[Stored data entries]
—————

(* Let $\theta\in(0,\pi/4)$ and $|\Psi\rangle=\sin\theta|00\rangle+\cos\theta|11\rangle$ on system qubits $1,2$. Let $|\varphi_\pm\rangle=\cos\theta|0\rangle\mp\sin\theta|1\rangle$, and $$\Omega_1=|00\rangle\langle00|+|11\rangle\langle11|,\quad \Omega_2=\mathbb 1-|{+}\rangle\langle{+}|\otimes|\varphi_+\rangle\langle\varphi_+|,\quad \Omega_3=\mathbb 1-|{-}\rangle\langle{-}|\otimes|\varphi_-\rangle\langle\varphi_-|.$$ Let $R_2=H\otimes\begin{pmatrix}\cos\theta&-\sin\theta\\ \sin\theta&\cos\theta\end{pmatrix}$ and $R_3=XH\otimes\begin{pmatrix}\cos\theta&\sin\theta\\ -\sin\theta&\cos\theta\end{pmatrix}$. Define, with ancilla qubits $a_1,a_2,a_3$, $$\mathcal M_1=(\mathbb 1\otimes|0\rangle\langle0|_{a_1})\mathcal C_{X1a_1}\mathcal C_{X2a_1},$$ $$\mathcal M^t_i=(\mathbb 1\otimes|0\rangle\langle0|_{a_i})(R_i^\dagger\otimes\mathbb 1)(X\otimes X\otimes\mathbb 1)\,\mathcal C^2_{X12a_i}\,(X\otimes X\otimes\mathbb 1)(R_i\otimes\mathbb 1),\quad i=2,3.$$ Then $\mathcal M^t_i(\sigma\otimes|0\rangle\langle0|_{a_i})=\Omega_i\sigma\otimes|0\rangle\langle0|_{a_i}$ for $i=2,3$, $\Omega_1\Omega_2\Omega_3=|\Psi\rangle\langle\Psi|$, and hence for every two-qubit operator $\sigma$, $$\mathcal M_1\mathcal M^t_2\mathcal M^t_3\big(\sigma\otimes|000\rangle\langle000|\big)=|\Psi\rangle\langle\Psi|\sigma\otimes|000\rangle\langle000|.$$ Furthermore, for $i=2,3$, the two-ancilla operator $\mathcal M^b_i=\mathbb 1-(\mathbb 1\otimes|00\rangle\langle00|_{aa'})(R_i^\dagger\otimes\mathbb 1)\mathcal C_{X1a}\mathcal C_{X2a'}(R_i\otimes\mathbb 1)$ satisfies $\mathcal M^b_i(\sigma\otimes|00\rangle\langle00|_{aa'})=\Omega_i\sigma\otimes|00\rangle\langle00|_{aa'}$, so replacing each $\mathcal M^t_i$ by $\mathcal M^b_i$ (with fresh ancilla pairs) yields the same action on inputs with all ancillas in $|0\rangle$.
   Context: $|\pm\rangle=(|0\rangle\pm|1\rangle)/\sqrt2$; $H$ is the Hadamard gate, $X$ is Pauli-$X$. $\mathcal C_{Xja}$ is the CNOT gate with control system qubit $j$ and target ancilla $a$; $\mathcal C^2_{X12a}$ is the Toffoli gate with controls system qubits $1,2$ and target $a$ (flips $a$ iff both controls are $|1\rangle$). All operators are extended by the identity on qubits they do not act on; $\sigma$ is any operator on the two system qubits. *)

theory Defs
  imports Complex_Main "Jordan_Normal_Form.Matrix"
begin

—————

You are asked to transcribe all of the data above exactly.

(* Let $\theta\in(0,\pi/4)$ and $|\Psi\rangle=\sin\theta|00\rangle+\cos\theta|11\rangle$ on system qubits $1,2$. Let $|\varphi_\pm\rangle=\cos\theta|0\rangle\mp\sin\theta|1\rangle$, and $$\Omega_1=|00\rangle\langle00|+|11\rangle\langle11|,\quad \Omega_2=\mathbb 1-|{+}\rangle\langle{+}|\otimes|\varphi_+\rangle\langle\varphi_+|,\quad \Omega_3=\mathbb 1-|{-}\rangle\langle{-}|\otimes|\varphi_-\rangle\langle\varphi_-|.$$ Let $R_2=H\otimes\begin{pmatrix}\cos\theta&-\sin\theta\\ \sin\theta&\cos\theta\end{pmatrix}$ and $R_3=XH\otimes\begin{pmatrix}\cos\theta&\sin\theta\\ -\sin\theta&\cos\theta\end{pmatrix}$. Define, with ancilla qubits $a_1,a_2,a_3$, $$\mathcal M_1=(\mathbb 1\otimes|0\rangle\langle0|_{a_1})\mathcal C_{X1a_1}\mathcal C_{X2a_1},$$ $$\mathcal M^t_i=(\mathbb 1\otimes|0\rangle\langle0|_{a_i})(R_i^\dagger\otimes\mathbb 1)(X\otimes X\otimes\mathbb 1)\,\mathcal C^2_{X12a_i}\,(X\otimes X\otimes\mathbb 1)(R_i\otimes\mathbb 1),\quad i=2,3.$$ Then $\mathcal M^t_i(\sigma\otimes|0\rangle\langle0|_{a_i})=\Omega_i\sigma\otimes|0\rangle\langle0|_{a_i}$ for $i=2,3$, $\Omega_1\Omega_2\Omega_3=|\Psi\rangle\langle\Psi|$, and hence for every two-qubit operator $\sigma$, $$\mathcal M_1\mathcal M^t_2\mathcal M^t_3\big(\sigma\otimes|000\rangle\langle000|\big)=|\Psi\rangle\langle\Psi|\sigma\otimes|000\rangle\langle000|.$$ Furthermore, for $i=2,3$, the two-ancilla operator $\mathcal M^b_i=\mathbb 1-(\mathbb 1\otimes|00\rangle\langle00|_{aa'})(R_i^\dagger\otimes\mathbb 1)\mathcal C_{X1a}\mathcal C_{X2a'}(R_i\otimes\mathbb 1)$ satisfies $\mathcal M^b_i(\sigma\otimes|00\rangle\langle00|_{aa'})=\Omega_i\sigma\otimes|00\rangle\langle00|_{aa'}$, so replacing each $\mathcal M^t_i$ by $\mathcal M^b_i$ (with fresh ancilla pairs) yields the same action on inputs with all ancillas in $|0\rangle$.
   Context: $|\pm\rangle=(|0\rangle\pm|1\rangle)/\sqrt2$; $H$ is the Hadamard gate, $X$ is Pauli-$X$. $\mathcal C_{Xja}$ is the CNOT gate with control system qubit $j$ and target ancilla $a$; $\mathcal C^2_{X12a}$ is the Toffoli gate with controls system qubits $1,2$ and target $a$ (flips $a$ iff both controls are $|1\rangle$). All operators are extended by the identity on qubits they do not act on; $\sigma$ is any operator on the two system qubits. *)

theory Defs
  imports Complex_Main "Jordan_Normal_Form.Matrix"
begin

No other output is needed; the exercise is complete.